++++ Records ++++

lemma sum_lag_letters_snoc_le:
  assumes a: "a \<ge> 1" and xs: "xs \<in> lag_words a n"
  shows "(\<Sum>s\<in>lag_letters a n. word_weight a (xs @ [s]) * window_potential a (xs @ [s]))
    \<le> (if Suc n < a then 8 else 153/10) * (word_weight a xs * window_potential a xs)"
proof -
  have len: "length xs = n"
    using xs by (simp add: lag_words_def)
  define p where "p = cell_at xs (Suc n - a)"
  have p_pos: "transfer_potential p > 0"
    by (rule transfer_potential_pos)
  have snoc: "word_weight a (xs @ [s]) * window_potential a (xs @ [s])
      = word_weight a xs * window_potential a xs / transfer_potential p * (transfer_weight p s * transfer_potential s)"
    for s
    using word_weight_snoc[OF a, of xs s] window_potential_snoc[OF a, of xs s] p_pos len
    by (simp add: p_def field_simps)
  show ?thesis
  proof (cases "Suc n < a")
    case True
    then have "p = empty_cell"
      by (simp add: p_def)
    then show ?thesis
      using True p_pos by (simp add: lag_letters_def snoc)
  next
    case False
    have "(\<Sum>s\<in>lag_letters a n. word_weight a (xs @ [s]) * window_potential a (xs @ [s]))
        = word_weight a xs * window_potential a xs / transfer_potential p
          * (\<Sum>s\<in>UNIV. transfer_weight p s * transfer_potential s)"
      using False by (simp add: lag_letters_def snoc sum_distrib_left)
    also have "\<dots> \<le> word_weight a xs * window_potential a xs / transfer_potential p
          * (153/10 * transfer_potential p)"
      using p_pos word_weight_nonneg[of a xs] window_potential_pos[of a xs]
      by (intro mult_left_mono sum_transfer_weight_potential_le) auto
    finally show ?thesis
      using False p_pos by simp
  qed
qed

lemma sum_word_weight_window_potential_le:
  assumes "a \<ge> 1"
  shows "(\<Sum>xs\<in>lag_words a n. word_weight a xs * window_potential a xs)
    \<le> 57 ^ a * 8 ^ min n (a - 1) * (153/10) ^ (n - (a - 1))"
proof (induction n)
  case 0
  have "lag_words a 0 = {[]}"
    by (auto simp: lag_words_def cell_at_def)
  then show ?case
    by (simp add: word_weight_def window_potential_def cell_at_def)
next
  case (Suc n)
  define rate :: real where "rate = (if Suc n < a then 8 else 153/10)"
  have "(\<Sum>ys\<in>lag_words a (Suc n). word_weight a ys * window_potential a ys)
      \<le> (\<Sum>xs\<in>lag_words a n. rate * (word_weight a xs * window_potential a xs))"
    unfolding sum_lag_words_Suc rate_def by (intro sum_mono sum_lag_letters_snoc_le assms)
  also have "\<dots> \<le> rate * (57 ^ a * 8 ^ min n (a - 1) * (153/10) ^ (n - (a - 1)))"
    unfolding sum_distrib_left[symmetric] by (rule mult_left_mono[OF Suc.IH]) (simp add: rate_def)
  also have "\<dots> = 57 ^ a * 8 ^ min (Suc n) (a - 1) * (153/10) ^ (Suc n - (a - 1))"
  proof (cases "Suc n < a")
    case True
    then have "min (Suc n) (a - 1) = Suc (min n (a - 1))" "Suc n - (a - 1) = n - (a - 1)"
      by auto
    then show ?thesis
      using True by (simp add: rate_def)
  next
    case False
    then have "min (Suc n) (a - 1) = min n (a - 1)" "Suc n - (a - 1) = Suc (n - (a - 1))"
      by auto
    then show ?thesis
      using False by (simp add: rate_def)
  qed
  finally show ?case .
qed

lemma sum_word_weight_le:
  assumes "1 \<le> a" "a \<le> n + 1"
  shows "(\<Sum>xs\<in>lag_words a n. word_weight a xs) \<le> (153/10) ^ (n + 1) / 8"
proof -
  have "(\<Sum>xs\<in>lag_words a n. word_weight a xs)
      \<le> (\<Sum>xs\<in>lag_words a n. word_weight a xs * window_potential a xs / 30 ^ a)"
  proof (rule sum_mono)
    fix xs
    have "word_weight a xs * 30 ^ a \<le> word_weight a xs * window_potential a xs"
      using window_potential_ge word_weight_nonneg by (intro mult_left_mono)
    then show "word_weight a xs \<le> word_weight a xs * window_potential a xs / 30 ^ a"
      by (simp add: field_simps)
  qed
  also have "\<dots> \<le> 57 ^ a * 8 ^ (a - 1) * (153/10) ^ (n + 1 - a) / 30 ^ a"
  proof -
    have "min n (a - 1) = a - 1" "n - (a - 1) = n + 1 - a"
      using assms by auto
    then show ?thesis
      using sum_word_weight_window_potential_le[OF assms(1), of n]
      by (simp add: sum_divide_distrib[symmetric] divide_right_mono)
  qed
  also have "\<dots> = (76/5) ^ a * (153/10) ^ (n + 1 - a) / 8"
    \<comment> \<open>the $a - 1$ forced empty cells contribute $8$ each, and $57 \cdot 8 / 30 < 15.3$\<close>
  proof -
    obtain b where b: "a = Suc b"
      using assms by (cases a) auto
    have "(76/5 :: real) ^ a = 57 ^ a * 8 ^ a / 30 ^ a"
      by (simp flip: power_divide power_mult_distrib)
    then show ?thesis
      by (simp add: b field_simps)
  qed
  also have "\<dots> \<le> (153/10) ^ a * (153/10) ^ (n + 1 - a) / 8"
    by (intro divide_right_mono mult_right_mono power_mono) auto
  also have "\<dots> = (153/10) ^ (n + 1) / 8"
    using assms by (simp flip: power_add)
  finally show ?thesis .
qed

section \<open>Triples of sets avoiding a fixed sum\<close>

definition avoiding_triples :: "nat \<Rightarrow> nat \<Rightarrow> nat \<Rightarrow> int \<Rightarrow> (nat set \<times> nat set \<times> nat set) set" where
  "avoiding_triples N1 N2 N3 E = {(A, B, C). A \<subseteq> {..N1} \<and> B \<subseteq> {..N2} \<and> C \<subseteq> {..N3} \<and>
      0 \<in> A \<and> 0 \<in> B \<and> 0 \<in> C \<and> (\<forall>a\<in>A. \<forall>b\<in>B. \<forall>c\<in>C. int (a + b + c) \<noteq> E)}"

definition triples_led_by_A :: "nat \<Rightarrow> nat \<Rightarrow> nat \<Rightarrow> nat \<Rightarrow> nat \<Rightarrow> nat \<Rightarrow> (nat set \<times> nat set \<times> nat set) set" where
  "triples_led_by_A N1 N2 N3 E L a = {(A, B, C) \<in> avoiding_triples N1 N2 N3 (int E).
      (\<forall>t\<in>{1..<a}. t \<notin> A \<and> t \<notin> B \<and> t \<notin> C) \<and> (a \<le> L \<longrightarrow> a \<in> A)}"

definition low_word :: "nat \<Rightarrow> nat set \<Rightarrow> nat set \<Rightarrow> nat set \<Rightarrow> cell list" where
  "low_word L A B C = map (\<lambda>t. (t \<in> A, t \<in> B, t \<in> C)) [1..<L + 1]"

text \<open>If the least positive element $a$ of $A \cup B \cup C$ lies in $A$, a position $u > L$ may lie
  in $A$ only if $E - u$ is in neither $B$ nor $C$ (as $0 \in B, C$), and in $B$ only if $E - u$ is in
  neither $A$ nor $C$ and $E - u - a \notin C$ (as $a \in A$); symmetrically for $C$. For $E - u \le L$
  this is read off the low part of the triple.\<close>

definition blocked_A :: "cell list \<Rightarrow> nat \<Rightarrow> bool" where
  "blocked_A xs t \<longleftrightarrow> (case cell_at xs t of (_, b, c) \<Rightarrow> b \<or> c)"

definition blocked_B :: "nat \<Rightarrow> cell list \<Rightarrow> nat \<Rightarrow> bool" where
  "blocked_B a xs t \<longleftrightarrow>
     (case cell_at xs t of (a', _, c) \<Rightarrow> a' \<or> c) \<or> (case cell_at xs (t - a) of (_, _, c') \<Rightarrow> c')"

definition blocked_C :: "nat \<Rightarrow> cell list \<Rightarrow> nat \<Rightarrow> bool" where
  "blocked_C a xs t \<longleftrightarrow>
     (case cell_at xs t of (a', b, _) \<Rightarrow> a' \<or> b) \<or> (case cell_at xs (t - a) of (_, b', _) \<Rightarrow> b')"

lemma finite_avoiding_triples: "finite (avoiding_triples N1 N2 N3 E)"
  by (rule finite_subset[of _ "Pow {..N1} \<times> Pow {..N2} \<times> Pow {..N3}"])
    (auto simp: avoiding_triples_def)

lemma length_low_word [simp]: "length (low_word L A B C) = L"
  by (simp add: low_word_def)

lemma cell_at_low_word:
  "cell_at (low_word L A B C) t = (if 1 \<le> t \<and> t \<le> L then (t \<in> A, t \<in> B, t \<in> C) else empty_cell)"
  by (auto simp: cell_at_def low_word_def simp del: upt_Suc)

lemma transfer_weight_eq_blocked:
  "transfer_weight (cell_at xs (t - a)) (cell_at xs t) =
     2 ^ (of_bool (\<not> blocked_A xs t) + of_bool (\<not> blocked_B a xs t) + of_bool (\<not> blocked_C a xs t))"
  unfolding blocked_A_def blocked_B_def blocked_C_def
  by (cases "cell_at xs t"; cases "cell_at xs (t - a)") auto

lemma word_weight_eq_blocked:
  "word_weight a xs = 2 ^ (card {t\<in>{1..length xs}. \<not> blocked_A xs t}
     + card {t\<in>{1..length xs}. \<not> blocked_B a xs t} + card {t\<in>{1..length xs}. \<not> blocked_C a xs t})"
proof -
  have "word_weight a xs = (\<Prod>t\<in>{1..length xs}. (2::real) ^
      (of_bool (\<not> blocked_A xs t) + of_bool (\<not> blocked_B a xs t) + of_bool (\<not> blocked_C a xs t)))"
    unfolding word_weight_def transfer_weight_eq_blocked ..
  also have "\<dots> = 2 ^ (\<Sum>t\<in>{1..length xs}.
      of_bool (\<not> blocked_A xs t) + of_bool (\<not> blocked_B a xs t) + of_bool (\<not> blocked_C a xs t))"
    by (simp add: power_sum)
  finally show ?thesis
    by (simp add: sum.distrib Int_def Collect_conj_eq[symmetric])
qed
(* Let $G$ be a group and let $V$ be a finite-dimensional vector space. Let $\tau\in\mathrm{LNUCA}_c(G,V)$ be stably injective. Then there exists $\sigma\in\mathrm{LNUCA}_c(G,V)$ such that $\sigma\circ\tau=\mathrm{Id}$.
   Context: For $g\in G$ and $x\in V^G$, $(gx)(h)=x(g^{-1}h)$. For finite $M\subset G$, $S=\mathcal{L}(V^M,V)$ and $s\in S^G$, $\sigma_s\colon V^G\to V^G$ is $\sigma_s(x)(g)=s(g)((g^{-1}x)\vert_M)$. $\mathrm{LNUCA}_c(G,V)$ is the set of maps $\sigma_s$ with $M$ finite and $s\in S^G$ constant outside some finite subset of $G$. For $s\in S^G$, $\Sigma(s)$ is the closure of $\{gs:g\in G\}$ in $S^G$ for the prodiscrete topology. $\tau=\sigma_s$ is stably injective if $\sigma_p$ is injective for every $p\in\Sigma(s)$. *)

theory Defs
  imports Main "HOL.Vector_Spaces" "HOL-Library.Function_Algebras"
begin

text \<open>The group G is a type 'g of class group_add (not necessarily
commutative); g^-1 h is written -g + h.\<close>

definition fscale :: "('k \<Rightarrow> 'v \<Rightarrow> 'v) \<Rightarrow> 'k \<Rightarrow> ('g \<Rightarrow> 'v) \<Rightarrow> ('g \<Rightarrow> 'v)" where
  "fscale scale a y = (\<lambda>h. scale a (y h))"

definition gact :: "'g::group_add \<Rightarrow> ('g \<Rightarrow> 'b) \<Rightarrow> ('g \<Rightarrow> 'b)" where
  "gact g x = (\<lambda>h. x (- g + h))"

text \<open>Restriction to M, with V^M identified with functions vanishing outside M.\<close>
definition restr :: "'g set \<Rightarrow> ('g \<Rightarrow> 'v::zero) \<Rightarrow> ('g \<Rightarrow> 'v)" where
  "restr M y = (\<lambda>h. if h \<in> M then y h else 0)"

text \<open>S = L(V^M, V): linear maps V^M -> V, represented as linear maps on V^G
that only depend on the restriction to M (this is a bijective representation).\<close>
definition linmaps :: "('k::field \<Rightarrow> 'v::ab_group_add \<Rightarrow> 'v) \<Rightarrow> 'g set \<Rightarrow> (('g \<Rightarrow> 'v) \<Rightarrow> 'v) set" where
  "linmaps scale M = {c. Vector_Spaces.linear (fscale scale) scale c \<and> (\<forall>y. c y = c (restr M y))}"

definition sigma :: "'g::group_add set \<Rightarrow> ('g \<Rightarrow> ('g \<Rightarrow> 'v::zero) \<Rightarrow> 'v) \<Rightarrow> ('g \<Rightarrow> 'v) \<Rightarrow> ('g \<Rightarrow> 'v)" where
  "sigma M s x = (\<lambda>g. s g (restr M (gact (- g) x)))"

definition ev_const :: "('g \<Rightarrow> 'a) \<Rightarrow> bool" where
  "ev_const s \<longleftrightarrow> (\<exists>F c. finite F \<and> (\<forall>g. g \<notin> F \<longrightarrow> s g = c))"

definition LNUCA_c :: "('k::field \<Rightarrow> 'v::ab_group_add \<Rightarrow> 'v) \<Rightarrow> (('g::group_add \<Rightarrow> 'v) \<Rightarrow> ('g \<Rightarrow> 'v)) set" where
  "LNUCA_c scale = {\<tau>. \<exists>M s. finite M \<and> (\<forall>g. s g \<in> linmaps scale M) \<and> ev_const s \<and> \<tau> = sigma M s}"

text \<open>Orbit closure of s in S^G for the prodiscrete topology.\<close>
definition orbit_closure :: "('g::group_add \<Rightarrow> 'a) \<Rightarrow> ('g \<Rightarrow> 'a) set" where
  "orbit_closure s = {p. \<forall>F. finite F \<longrightarrow> (\<exists>g. \<forall>h\<in>F. p h = gact g s h)}"

definition stably_injective :: "('k::field \<Rightarrow> 'v::ab_group_add \<Rightarrow> 'v) \<Rightarrow> (('g::group_add \<Rightarrow> 'v) \<Rightarrow> ('g \<Rightarrow> 'v)) \<Rightarrow> bool" where
  "stably_injective scale \<tau> \<longleftrightarrow> (\<exists>M s. finite M \<and> (\<forall>g. s g \<in> linmaps scale M) \<and> ev_const s
     \<and> \<tau> = sigma M s \<and> (\<forall>p\<in>orbit_closure s. inj (sigma M p)))"

end

theory Submission
  imports Defs
begin

text \<open>
  Over a finite-dimensional V, injectivity of \<open>\<sigma>\<^sub>p\<close> is witnessed on finite windows. The values at a
  cell g of the solutions of finite subsystems of the linear equations \<open>\<sigma>\<^sub>p x = 0\<close> form subspaces of V,
  which stabilise by finite dimensionality; with Zorn's lemma this yields a global solution with any
  stable value at g, so injectivity forces the stable subspace to be 0. Hence x g vanishes as soon as
  \<open>\<sigma>\<^sub>p x\<close> vanishes on some finite window around g, i.e. x g is a linear function of \<open>\<sigma>\<^sub>p x\<close> on that
  window.

  Outside a finite set s equals a constant c, and for infinite G the constant configuration c lies in
  the orbit closure of s, so \<open>\<sigma>\<^sub>c\<close> is injective. Being equivariant, \<open>\<sigma>\<^sub>c\<close> has one local inverse
  valid at every cell, and it also inverts \<open>\<sigma>\<^sub>s\<close> at every cell whose window avoids the finite set where
  s differs from c. Together with the local inverses of \<open>\<sigma>\<^sub>s\<close> at the finitely many remaining cells this
  gives an eventually constant rule, i.e. a left inverse in \<open>LNUCA\<^sub>c\<close>.
\<close>

section \<open>Linear compactness over a finite-dimensional space\<close>

context finite_dimensional_vector_space
begin

lemma subspace_down_directed_has_least:
  assumes "\<S> \<noteq> {}" and "\<And>S. S \<in> \<S> \<Longrightarrow> subspace S"
    and directed: "\<And>S T. S \<in> \<S> \<Longrightarrow> T \<in> \<S> \<Longrightarrow> \<exists>U\<in>\<S>. U \<subseteq> S \<inter> T"
  shows "\<exists>S0\<in>\<S>. \<forall>S\<in>\<S>. S0 \<subseteq> S"
proof -
  obtain S0 where S0: "S0 \<in> \<S>" and min_dim: "\<And>S. S \<in> \<S> \<Longrightarrow> dim S0 \<le> dim S"
    using ex_has_least_nat[of "\<lambda>S. S \<in> \<S>" _ dim] assms(1) by blast
  have "S0 \<subseteq> S" if S: "S \<in> \<S>" for S
  proof -
    obtain U where "U \<in> \<S>" "U \<subseteq> S \<inter> S0" using directed[OF S S0] by blast
    then have "U = S0"
      using subspace_dim_equal[of U S0] assms(2) S0 min_dim by blast
    with \<open>U \<subseteq> S \<inter> S0\<close> show ?thesis by blast
  qed
  with S0 show ?thesis by blast
qed

end

locale local_linear_system = finite_dimensional_vector_space scale basis
  for scale :: "'a::field \<Rightarrow> 'b::ab_group_add \<Rightarrow> 'b" (infixr "*s" 75) and basis +
  fixes eqn :: "'c \<Rightarrow> ('i \<Rightarrow> 'b) \<Rightarrow> 'b"
  assumes eqn_add: "eqn n (x + y) = eqn n x + eqn n y"
    and eqn_scale: "eqn n (\<lambda>i. a *s x i) = a *s eqn n x"
    and eqn_local: "\<exists>D. finite D \<and> (\<forall>x y. (\<forall>i\<in>D. x i = y i) \<longrightarrow> eqn n x = eqn n y)"
begin

text \<open>Partial assignments of values to coordinates are encoded as sets of pairs \<open>(i, v)\<close>.\<close>

definition solutions :: "('i \<times> 'b) set \<Rightarrow> 'c set \<Rightarrow> ('i \<Rightarrow> 'b) set" where
  "solutions P N = {x. (\<forall>n\<in>N. eqn n x = 0) \<and> (\<forall>p\<in>P. x (fst p) = snd p)}"

definition hom_values :: "'i \<Rightarrow> ('i \<times> 'b) set \<Rightarrow> 'c set \<Rightarrow> 'b set" where
  "hom_values i P N = (\<lambda>x. x i) ` solutions (fst ` P \<times> {0}) N"

definition finitely_solvable :: "('i \<times> 'b) set \<Rightarrow> bool" where
  "finitely_solvable R \<longleftrightarrow> (\<forall>P N. finite P \<longrightarrow> P \<subseteq> R \<longrightarrow> finite N \<longrightarrow> solutions P N \<noteq> {})"

lemma finitely_solvableD:
  "finitely_solvable R \<Longrightarrow> finite P \<Longrightarrow> P \<subseteq> R \<Longrightarrow> finite N \<Longrightarrow> \<exists>x. x \<in> solutions P N"
  unfolding finitely_solvable_def by blast

lemma eqn_zero: "eqn n 0 = 0"
  using eqn_add[of n 0 0] by simp

lemma eqn_diff: "eqn n (x - y) = eqn n x - eqn n y"
  using eqn_add[of n "x - y" y] by (simp add: algebra_simps)

lemma solutions_antimono: "P \<subseteq> P' \<Longrightarrow> N \<subseteq> N' \<Longrightarrow> solutions P' N' \<subseteq> solutions P N"
  unfolding solutions_def by blast

lemma solutions_diff:
  "x \<in> solutions P N \<Longrightarrow> y \<in> solutions P N \<Longrightarrow> x - y \<in> solutions (fst ` P \<times> {0}) N"
  unfolding solutions_def by (auto simp: eqn_diff)

lemma solutions_add:
  "x \<in> solutions P N \<Longrightarrow> z \<in> solutions (fst ` P \<times> {0}) N \<Longrightarrow> x + z \<in> solutions P N"
  unfolding solutions_def by (fastforce simp: eqn_add)

lemma subspace_hom_values: "subspace (hom_values i P N)"
  unfolding subspace_def hom_values_def
proof (intro conjI ballI allI)
  show "0 \<in> (\<lambda>x. x i) ` solutions (fst ` P \<times> {0}) N"
    by (rule image_eqI[of _ _ 0]) (auto simp: solutions_def eqn_zero)
next
  fix u v assume "u \<in> (\<lambda>x. x i) ` solutions (fst ` P \<times> {0}) N"
    "v \<in> (\<lambda>x. x i) ` solutions (fst ` P \<times> {0}) N"
  then obtain x y where "x \<in> solutions (fst ` P \<times> {0}) N" "y \<in> solutions (fst ` P \<times> {0}) N"
    "u = x i" "v = y i" by blast
  then show "u + v \<in> (\<lambda>x. x i) ` solutions (fst ` P \<times> {0}) N"
    by (intro image_eqI[of _ _ "x + y"]) (auto simp: solutions_def eqn_add)
next
  fix a u assume "u \<in> (\<lambda>x. x i) ` solutions (fst ` P \<times> {0}) N"
  then obtain x where "x \<in> solutions (fst ` P \<times> {0}) N" "u = x i" by blast
  then show "a *s u \<in> (\<lambda>x. x i) ` solutions (fst ` P \<times> {0}) N"
    by (intro image_eqI[of _ _ "\<lambda>j. a *s x j"]) (auto simp: solutions_def eqn_scale)
qed

lemma hom_values_antimono:
  "P \<subseteq> P' \<Longrightarrow> N \<subseteq> N' \<Longrightarrow> hom_values i P' N' \<subseteq> hom_values i P N"
  unfolding hom_values_def by (intro image_mono solutions_antimono) auto

text \<open>This is the only place where finite dimensionality is used.\<close>

lemma hom_values_stabilize:
  "\<exists>P0 N0. finite P0 \<and> P0 \<subseteq> R \<and> finite N0 \<and>
     (\<forall>P N. finite P \<longrightarrow> P \<subseteq> R \<longrightarrow> finite N \<longrightarrow> hom_values i P0 N0 \<subseteq> hom_values i P N)"
proof -
  let ?\<S> = "{hom_values i P N | P N. finite P \<and> P \<subseteq> R \<and> finite N}"
  have directed: "\<exists>U\<in>?\<S>. U \<subseteq> S \<inter> T" if ST: "S \<in> ?\<S>" "T \<in> ?\<S>" for S T
  proof -
    obtain P N P' N' where S: "S = hom_values i P N" and T: "T = hom_values i P' N'" and
      "finite P" "P \<subseteq> R" "finite N" "finite P'" "P' \<subseteq> R" "finite N'"
      using ST by blast
    moreover have "hom_values i (P \<union> P') (N \<union> N') \<subseteq> S \<inter> T"
      using hom_values_antimono[of P "P \<union> P'" N "N \<union> N'" i]
        hom_values_antimono[of P' "P \<union> P'" N' "N \<union> N'" i] unfolding S T by blast
    moreover have "hom_values i (P \<union> P') (N \<union> N') \<in> ?\<S>"
      using \<open>finite P\<close> \<open>P \<subseteq> R\<close> \<open>finite N\<close> \<open>finite P'\<close> \<open>P' \<subseteq> R\<close> \<open>finite N'\<close>
      by blast
    ultimately show ?thesis by blast
  qed
  have nonempty: "?\<S> \<noteq> {}" by blast
  have subspaces: "subspace S" if "S \<in> ?\<S>" for S
    using that subspace_hom_values by blast
  obtain S0 where "S0 \<in> ?\<S>" and least: "\<forall>S\<in>?\<S>. S0 \<subseteq> S"
    by (rule bexE[OF subspace_down_directed_has_least[OF nonempty subspaces directed]])
  then obtain P0 N0 where S0: "S0 = hom_values i P0 N0" "finite P0" "P0 \<subseteq> R" "finite N0"
    by blast
  show ?thesis
  proof (intro exI conjI allI impI)
    fix P :: "('i \<times> 'b) set" and N :: "'c set"
    assume "finite P" "P \<subseteq> R" "finite N"
    then show "hom_values i P0 N0 \<subseteq> hom_values i P N"
      using least S0(1) by blast
  qed (use S0 in auto)
qed

text \<open>The value of any solution of the stabilising subsystem is admissible: for a larger subsystem, the
  discrepancy with one of its solutions lies in the stabilised homogeneous values and can be removed.\<close>

lemma finitely_solvable_insert:
  assumes "finitely_solvable R"
  shows "\<exists>v. finitely_solvable (insert (i, v) R)"
proof -
  obtain P0 N0 where P0: "finite P0" "P0 \<subseteq> R" "finite N0"
    and least: "\<And>P N. finite P \<Longrightarrow> P \<subseteq> R \<Longrightarrow> finite N \<Longrightarrow> hom_values i P0 N0 \<subseteq> hom_values i P N"
    using hom_values_stabilize[of R i] by blast
  obtain x0 where x0: "x0 \<in> solutions P0 N0"
    using finitely_solvableD[OF assms P0] by blast
  have "finitely_solvable (insert (i, x0 i) R)"
    unfolding finitely_solvable_def
  proof (intro allI impI)
    fix P :: "('i \<times> 'b) set" and N :: "'c set"
    assume P: "finite P" "P \<subseteq> insert (i, x0 i) R" and N: "finite N"
    define P' where "P' = P0 \<union> (P - {(i, x0 i)})"
    define N' where "N' = N0 \<union> N"
    have P': "finite P'" "P' \<subseteq> R" "finite N'"
      using P N P0 by (auto simp: P'_def N'_def)
    then obtain x where x: "x \<in> solutions P' N'"
      using finitely_solvableD[OF assms] by blast
    then have "x \<in> solutions P0 N0"
      using solutions_antimono[of P0 P' N0 N'] by (auto simp: P'_def N'_def)
    then have "x0 - x \<in> solutions (fst ` P0 \<times> {0}) N0"
      by (rule solutions_diff[OF x0])
    then have "x0 i - x i \<in> hom_values i P0 N0"
      unfolding hom_values_def by (rule image_eqI[rotated]) simp
    then have "x0 i - x i \<in> hom_values i P' N'"
      using least[OF P'] by blast
    then obtain z where z: "z \<in> solutions (fst ` P' \<times> {0}) N'" "z i = x0 i - x i"
      unfolding hom_values_def by auto
    have "x + z \<in> solutions (insert (i, x0 i) P') N'"
      using solutions_add[OF x z(1)] z(2) by (simp add: solutions_def)
    moreover have "solutions (insert (i, x0 i) P') N' \<subseteq> solutions P N"
      using P by (intro solutions_antimono) (auto simp: P'_def N'_def)
    ultimately show "solutions P N \<noteq> {}" by blast
  qed
  then show ?thesis by blast
qed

++++

- _Problem description_: What lines above contain the word "dimensionality"? Please copy each one.

- _Output for this exercise_:
  which stabilise by finite dimensionality; with Zorn's lemma this yields a global solution with any
text \<open>This is the only place where finite dimensionality is used.\<close>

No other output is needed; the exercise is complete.